(EXERCISE MATERIALS):
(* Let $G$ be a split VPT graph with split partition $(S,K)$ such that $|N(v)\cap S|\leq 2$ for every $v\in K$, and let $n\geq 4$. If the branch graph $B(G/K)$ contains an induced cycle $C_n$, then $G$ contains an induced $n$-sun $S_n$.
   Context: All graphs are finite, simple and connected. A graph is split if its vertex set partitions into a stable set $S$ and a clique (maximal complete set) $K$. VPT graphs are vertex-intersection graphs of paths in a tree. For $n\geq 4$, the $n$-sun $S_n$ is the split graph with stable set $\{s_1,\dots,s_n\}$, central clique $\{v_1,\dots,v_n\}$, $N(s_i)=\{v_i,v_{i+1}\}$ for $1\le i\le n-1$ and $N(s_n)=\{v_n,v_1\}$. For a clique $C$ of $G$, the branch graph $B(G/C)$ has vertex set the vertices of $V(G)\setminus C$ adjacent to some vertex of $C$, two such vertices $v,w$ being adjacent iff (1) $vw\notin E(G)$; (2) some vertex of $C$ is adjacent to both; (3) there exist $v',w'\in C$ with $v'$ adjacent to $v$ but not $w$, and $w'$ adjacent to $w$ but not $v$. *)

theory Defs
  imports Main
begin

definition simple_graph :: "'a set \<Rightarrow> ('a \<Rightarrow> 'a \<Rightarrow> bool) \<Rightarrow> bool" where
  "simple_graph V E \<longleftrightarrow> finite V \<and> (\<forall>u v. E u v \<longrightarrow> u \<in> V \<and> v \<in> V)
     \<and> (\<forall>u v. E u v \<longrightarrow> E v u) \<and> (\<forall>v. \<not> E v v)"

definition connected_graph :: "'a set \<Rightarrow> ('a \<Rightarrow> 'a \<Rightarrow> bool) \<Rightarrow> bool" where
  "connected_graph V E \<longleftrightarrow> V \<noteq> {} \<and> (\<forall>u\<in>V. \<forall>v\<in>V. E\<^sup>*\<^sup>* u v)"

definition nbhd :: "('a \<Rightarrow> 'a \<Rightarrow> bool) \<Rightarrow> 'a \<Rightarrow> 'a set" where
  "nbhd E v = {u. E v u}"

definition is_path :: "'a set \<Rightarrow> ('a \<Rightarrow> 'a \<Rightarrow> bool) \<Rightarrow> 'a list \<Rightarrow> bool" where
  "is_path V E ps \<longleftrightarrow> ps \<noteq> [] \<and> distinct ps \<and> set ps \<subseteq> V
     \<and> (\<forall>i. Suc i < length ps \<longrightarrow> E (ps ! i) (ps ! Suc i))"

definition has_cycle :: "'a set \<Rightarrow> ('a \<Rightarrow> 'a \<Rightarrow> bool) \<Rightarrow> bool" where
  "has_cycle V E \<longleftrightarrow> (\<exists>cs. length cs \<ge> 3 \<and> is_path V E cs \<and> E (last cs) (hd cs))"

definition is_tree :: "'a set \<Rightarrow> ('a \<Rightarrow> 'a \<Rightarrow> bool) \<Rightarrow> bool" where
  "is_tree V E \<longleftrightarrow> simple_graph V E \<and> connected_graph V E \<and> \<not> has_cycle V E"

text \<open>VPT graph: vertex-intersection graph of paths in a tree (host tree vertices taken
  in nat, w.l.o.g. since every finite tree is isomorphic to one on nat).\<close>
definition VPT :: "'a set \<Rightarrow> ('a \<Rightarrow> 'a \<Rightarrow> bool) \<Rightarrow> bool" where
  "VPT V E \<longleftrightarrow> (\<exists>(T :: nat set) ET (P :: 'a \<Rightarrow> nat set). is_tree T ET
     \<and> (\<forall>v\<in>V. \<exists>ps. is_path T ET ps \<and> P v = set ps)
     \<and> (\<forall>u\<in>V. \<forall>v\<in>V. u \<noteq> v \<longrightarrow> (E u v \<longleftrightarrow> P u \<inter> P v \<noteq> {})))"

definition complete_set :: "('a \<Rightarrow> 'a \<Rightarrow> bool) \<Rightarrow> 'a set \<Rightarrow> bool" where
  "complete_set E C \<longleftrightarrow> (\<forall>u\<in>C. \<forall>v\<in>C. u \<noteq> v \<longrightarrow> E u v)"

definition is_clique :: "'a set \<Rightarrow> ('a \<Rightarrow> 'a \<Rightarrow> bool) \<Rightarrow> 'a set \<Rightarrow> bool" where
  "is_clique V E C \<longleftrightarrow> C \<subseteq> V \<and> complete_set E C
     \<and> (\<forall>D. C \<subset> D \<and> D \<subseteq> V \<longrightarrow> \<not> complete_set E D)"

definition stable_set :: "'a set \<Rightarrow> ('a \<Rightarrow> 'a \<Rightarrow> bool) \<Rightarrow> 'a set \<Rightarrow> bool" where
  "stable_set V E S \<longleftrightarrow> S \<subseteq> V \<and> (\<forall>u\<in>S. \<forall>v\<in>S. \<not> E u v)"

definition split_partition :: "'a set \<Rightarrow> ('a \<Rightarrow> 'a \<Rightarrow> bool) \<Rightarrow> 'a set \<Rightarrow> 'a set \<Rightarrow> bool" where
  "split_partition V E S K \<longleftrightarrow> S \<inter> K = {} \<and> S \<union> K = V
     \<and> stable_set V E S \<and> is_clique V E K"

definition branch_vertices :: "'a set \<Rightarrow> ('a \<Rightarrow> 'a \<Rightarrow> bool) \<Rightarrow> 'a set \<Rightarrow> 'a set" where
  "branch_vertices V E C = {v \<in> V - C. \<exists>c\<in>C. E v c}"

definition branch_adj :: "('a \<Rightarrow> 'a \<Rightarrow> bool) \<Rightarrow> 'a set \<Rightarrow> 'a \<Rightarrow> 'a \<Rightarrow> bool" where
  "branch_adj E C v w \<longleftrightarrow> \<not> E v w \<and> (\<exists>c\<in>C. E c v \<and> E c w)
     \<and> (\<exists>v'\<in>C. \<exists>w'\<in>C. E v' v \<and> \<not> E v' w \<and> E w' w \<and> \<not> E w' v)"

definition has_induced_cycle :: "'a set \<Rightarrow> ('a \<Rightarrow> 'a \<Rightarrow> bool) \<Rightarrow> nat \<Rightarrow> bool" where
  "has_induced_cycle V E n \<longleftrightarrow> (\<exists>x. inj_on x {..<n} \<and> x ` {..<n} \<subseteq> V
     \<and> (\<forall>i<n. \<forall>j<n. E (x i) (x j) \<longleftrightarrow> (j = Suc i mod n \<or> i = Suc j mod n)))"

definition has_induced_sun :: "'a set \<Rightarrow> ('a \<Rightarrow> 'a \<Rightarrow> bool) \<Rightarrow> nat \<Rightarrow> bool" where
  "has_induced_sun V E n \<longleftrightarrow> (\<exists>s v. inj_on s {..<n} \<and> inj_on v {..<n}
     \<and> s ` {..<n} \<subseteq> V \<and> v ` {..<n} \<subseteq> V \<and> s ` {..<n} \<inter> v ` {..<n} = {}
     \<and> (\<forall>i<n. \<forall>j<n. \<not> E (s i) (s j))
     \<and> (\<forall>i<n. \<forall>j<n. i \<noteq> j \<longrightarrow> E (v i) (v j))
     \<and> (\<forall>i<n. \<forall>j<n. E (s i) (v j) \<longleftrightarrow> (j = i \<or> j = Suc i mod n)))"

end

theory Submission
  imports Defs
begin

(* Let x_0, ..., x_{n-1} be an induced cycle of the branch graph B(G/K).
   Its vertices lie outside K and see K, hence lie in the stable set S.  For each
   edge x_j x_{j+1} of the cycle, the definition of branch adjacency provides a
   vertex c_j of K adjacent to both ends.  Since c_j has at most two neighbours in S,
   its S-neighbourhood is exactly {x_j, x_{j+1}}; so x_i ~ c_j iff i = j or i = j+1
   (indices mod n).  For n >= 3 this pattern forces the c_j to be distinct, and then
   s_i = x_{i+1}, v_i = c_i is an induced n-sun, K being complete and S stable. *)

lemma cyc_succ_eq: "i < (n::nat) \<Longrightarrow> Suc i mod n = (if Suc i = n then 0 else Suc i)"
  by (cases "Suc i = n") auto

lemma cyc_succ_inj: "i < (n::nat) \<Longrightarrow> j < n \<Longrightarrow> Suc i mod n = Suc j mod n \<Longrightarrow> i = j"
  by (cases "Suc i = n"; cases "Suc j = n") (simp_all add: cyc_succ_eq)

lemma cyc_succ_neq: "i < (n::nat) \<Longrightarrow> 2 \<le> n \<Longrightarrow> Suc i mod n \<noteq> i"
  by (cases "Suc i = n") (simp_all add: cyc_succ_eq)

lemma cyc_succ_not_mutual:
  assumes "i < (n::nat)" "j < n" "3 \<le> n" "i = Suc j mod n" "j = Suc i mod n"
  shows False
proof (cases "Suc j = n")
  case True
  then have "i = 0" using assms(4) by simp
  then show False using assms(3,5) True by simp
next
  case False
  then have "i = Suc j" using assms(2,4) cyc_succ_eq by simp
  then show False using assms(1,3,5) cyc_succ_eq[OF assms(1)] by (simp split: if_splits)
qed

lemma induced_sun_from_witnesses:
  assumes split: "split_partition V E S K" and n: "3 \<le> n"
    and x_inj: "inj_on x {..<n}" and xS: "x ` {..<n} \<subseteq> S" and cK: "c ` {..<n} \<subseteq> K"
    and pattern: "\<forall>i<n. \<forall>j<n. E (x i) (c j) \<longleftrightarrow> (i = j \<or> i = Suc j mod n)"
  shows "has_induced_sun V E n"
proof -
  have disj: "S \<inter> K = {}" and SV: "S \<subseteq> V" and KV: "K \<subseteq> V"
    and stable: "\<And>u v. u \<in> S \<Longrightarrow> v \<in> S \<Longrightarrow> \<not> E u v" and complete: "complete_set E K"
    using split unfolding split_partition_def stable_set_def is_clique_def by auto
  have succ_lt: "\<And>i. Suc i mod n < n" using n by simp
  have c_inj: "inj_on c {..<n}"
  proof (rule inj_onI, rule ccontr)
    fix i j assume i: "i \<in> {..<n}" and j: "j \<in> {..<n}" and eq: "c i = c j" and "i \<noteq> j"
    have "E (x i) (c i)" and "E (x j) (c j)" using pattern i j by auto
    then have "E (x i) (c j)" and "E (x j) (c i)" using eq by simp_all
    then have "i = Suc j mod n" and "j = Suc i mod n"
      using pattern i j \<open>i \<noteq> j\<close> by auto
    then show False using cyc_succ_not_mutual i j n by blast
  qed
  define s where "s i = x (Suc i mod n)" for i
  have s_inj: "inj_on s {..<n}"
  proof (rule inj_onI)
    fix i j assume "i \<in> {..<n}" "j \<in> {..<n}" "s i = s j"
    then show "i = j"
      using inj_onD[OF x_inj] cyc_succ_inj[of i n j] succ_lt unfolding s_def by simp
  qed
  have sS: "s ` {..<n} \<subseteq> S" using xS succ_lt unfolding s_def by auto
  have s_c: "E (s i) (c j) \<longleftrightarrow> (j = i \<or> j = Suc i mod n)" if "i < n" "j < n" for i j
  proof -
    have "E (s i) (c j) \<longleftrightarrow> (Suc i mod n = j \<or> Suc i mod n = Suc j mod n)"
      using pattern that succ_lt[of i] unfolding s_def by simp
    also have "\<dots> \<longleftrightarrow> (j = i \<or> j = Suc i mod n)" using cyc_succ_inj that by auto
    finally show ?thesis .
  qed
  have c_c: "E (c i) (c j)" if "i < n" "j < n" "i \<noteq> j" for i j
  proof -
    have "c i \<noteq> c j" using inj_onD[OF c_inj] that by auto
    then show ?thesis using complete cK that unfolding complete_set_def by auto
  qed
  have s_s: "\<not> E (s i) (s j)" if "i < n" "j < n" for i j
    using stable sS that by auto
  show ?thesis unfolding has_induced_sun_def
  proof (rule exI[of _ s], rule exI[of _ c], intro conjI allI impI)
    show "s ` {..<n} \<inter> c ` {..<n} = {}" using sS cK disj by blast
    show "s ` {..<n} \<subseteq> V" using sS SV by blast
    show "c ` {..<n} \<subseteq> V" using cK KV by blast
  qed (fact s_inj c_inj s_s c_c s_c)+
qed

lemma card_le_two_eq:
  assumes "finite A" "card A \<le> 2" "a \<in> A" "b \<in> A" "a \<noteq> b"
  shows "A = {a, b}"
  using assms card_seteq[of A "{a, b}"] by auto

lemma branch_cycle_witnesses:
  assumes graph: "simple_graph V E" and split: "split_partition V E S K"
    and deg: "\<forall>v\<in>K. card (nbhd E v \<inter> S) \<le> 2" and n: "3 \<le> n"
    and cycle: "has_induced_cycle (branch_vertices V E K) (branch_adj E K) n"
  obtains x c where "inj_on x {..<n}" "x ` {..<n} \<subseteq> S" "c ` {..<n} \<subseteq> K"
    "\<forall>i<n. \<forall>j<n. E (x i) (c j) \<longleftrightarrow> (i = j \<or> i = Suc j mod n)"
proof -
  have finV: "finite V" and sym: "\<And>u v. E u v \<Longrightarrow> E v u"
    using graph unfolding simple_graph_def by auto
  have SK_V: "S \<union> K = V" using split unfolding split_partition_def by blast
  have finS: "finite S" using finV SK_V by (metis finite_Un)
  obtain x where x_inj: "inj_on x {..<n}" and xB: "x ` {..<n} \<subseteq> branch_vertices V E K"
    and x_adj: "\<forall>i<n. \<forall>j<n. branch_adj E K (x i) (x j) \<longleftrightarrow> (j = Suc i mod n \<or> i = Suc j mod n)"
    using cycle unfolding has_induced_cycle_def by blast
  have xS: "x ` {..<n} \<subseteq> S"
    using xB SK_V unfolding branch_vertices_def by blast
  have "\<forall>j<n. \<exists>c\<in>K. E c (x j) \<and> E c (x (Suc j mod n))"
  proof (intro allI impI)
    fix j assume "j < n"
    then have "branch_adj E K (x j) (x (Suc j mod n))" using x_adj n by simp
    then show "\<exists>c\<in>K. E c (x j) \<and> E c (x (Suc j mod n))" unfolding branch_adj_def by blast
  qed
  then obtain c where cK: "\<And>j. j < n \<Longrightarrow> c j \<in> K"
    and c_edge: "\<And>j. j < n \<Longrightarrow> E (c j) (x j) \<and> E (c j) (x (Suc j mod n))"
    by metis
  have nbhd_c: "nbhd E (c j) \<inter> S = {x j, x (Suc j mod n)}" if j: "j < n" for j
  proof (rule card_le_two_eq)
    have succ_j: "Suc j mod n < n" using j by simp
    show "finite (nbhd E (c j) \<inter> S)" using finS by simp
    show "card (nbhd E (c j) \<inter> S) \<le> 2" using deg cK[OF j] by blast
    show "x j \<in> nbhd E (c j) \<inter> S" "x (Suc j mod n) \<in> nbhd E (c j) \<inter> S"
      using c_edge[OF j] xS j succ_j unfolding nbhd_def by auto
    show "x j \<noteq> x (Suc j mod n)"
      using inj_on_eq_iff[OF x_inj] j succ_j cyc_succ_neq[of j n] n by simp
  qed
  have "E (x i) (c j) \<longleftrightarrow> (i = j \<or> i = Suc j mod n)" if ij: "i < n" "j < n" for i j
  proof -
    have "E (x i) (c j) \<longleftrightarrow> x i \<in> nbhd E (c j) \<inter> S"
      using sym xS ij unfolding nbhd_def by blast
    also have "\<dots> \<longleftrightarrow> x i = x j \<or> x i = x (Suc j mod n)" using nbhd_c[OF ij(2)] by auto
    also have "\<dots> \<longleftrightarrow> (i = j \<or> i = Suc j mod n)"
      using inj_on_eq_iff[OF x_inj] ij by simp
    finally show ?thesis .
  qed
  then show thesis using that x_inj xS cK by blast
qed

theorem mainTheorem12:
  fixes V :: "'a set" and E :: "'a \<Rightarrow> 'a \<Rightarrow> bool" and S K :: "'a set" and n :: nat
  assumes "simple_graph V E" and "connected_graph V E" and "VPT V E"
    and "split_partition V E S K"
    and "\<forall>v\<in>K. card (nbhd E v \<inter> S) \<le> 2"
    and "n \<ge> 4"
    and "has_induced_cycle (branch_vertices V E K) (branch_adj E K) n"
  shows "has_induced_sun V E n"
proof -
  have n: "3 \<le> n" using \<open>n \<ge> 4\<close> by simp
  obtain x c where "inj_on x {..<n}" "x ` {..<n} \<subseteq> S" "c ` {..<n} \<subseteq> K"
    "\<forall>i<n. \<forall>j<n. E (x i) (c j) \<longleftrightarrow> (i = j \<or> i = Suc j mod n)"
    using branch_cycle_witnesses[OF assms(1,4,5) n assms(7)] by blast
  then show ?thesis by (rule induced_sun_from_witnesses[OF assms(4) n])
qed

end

(REQUIREMENT):
Print exactly the lines of the listing above starting at the line containing "is_tree T ET" and ending at the line containing "v \<and> E c w)", both included.

(EXERCISE RESULT):
  "VPT V E \<longleftrightarrow> (\<exists>(T :: nat set) ET (P :: 'a \<Rightarrow> nat set). is_tree T ET
     \<and> (\<forall>v\<in>V. \<exists>ps. is_path T ET ps \<and> P v = set ps)
     \<and> (\<forall>u\<in>V. \<forall>v\<in>V. u \<noteq> v \<longrightarrow> (E u v \<longleftrightarrow> P u \<inter> P v \<noteq> {})))"

definition complete_set :: "('a \<Rightarrow> 'a \<Rightarrow> bool) \<Rightarrow> 'a set \<Rightarrow> bool" where
  "complete_set E C \<longleftrightarrow> (\<forall>u\<in>C. \<forall>v\<in>C. u \<noteq> v \<longrightarrow> E u v)"

definition is_clique :: "'a set \<Rightarrow> ('a \<Rightarrow> 'a \<Rightarrow> bool) \<Rightarrow> 'a set \<Rightarrow> bool" where
  "is_clique V E C \<longleftrightarrow> C \<subseteq> V \<and> complete_set E C
     \<and> (\<forall>D. C \<subset> D \<and> D \<subseteq> V \<longrightarrow> \<not> complete_set E D)"

definition stable_set :: "'a set \<Rightarrow> ('a \<Rightarrow> 'a \<Rightarrow> bool) \<Rightarrow> 'a set \<Rightarrow> bool" where
  "stable_set V E S \<longleftrightarrow> S \<subseteq> V \<and> (\<forall>u\<in>S. \<forall>v\<in>S. \<not> E u v)"

definition split_partition :: "'a set \<Rightarrow> ('a \<Rightarrow> 'a \<Rightarrow> bool) \<Rightarrow> 'a set \<Rightarrow> 'a set \<Rightarrow> bool" where
  "split_partition V E S K \<longleftrightarrow> S \<inter> K = {} \<and> S \<union> K = V
     \<and> stable_set V E S \<and> is_clique V E K"

definition branch_vertices :: "'a set \<Rightarrow> ('a \<Rightarrow> 'a \<Rightarrow> bool) \<Rightarrow> 'a set \<Rightarrow> 'a set" where
  "branch_vertices V E C = {v \<in> V - C. \<exists>c\<in>C. E v c}"

definition branch_adj :: "('a \<Rightarrow> 'a \<Rightarrow> bool) \<Rightarrow> 'a set \<Rightarrow> 'a \<Rightarrow> 'a \<Rightarrow> bool" where
  "branch_adj E C v w \<longleftrightarrow> \<not> E v w \<and> (\<exists>c\<in>C. E c v \<and> E c w)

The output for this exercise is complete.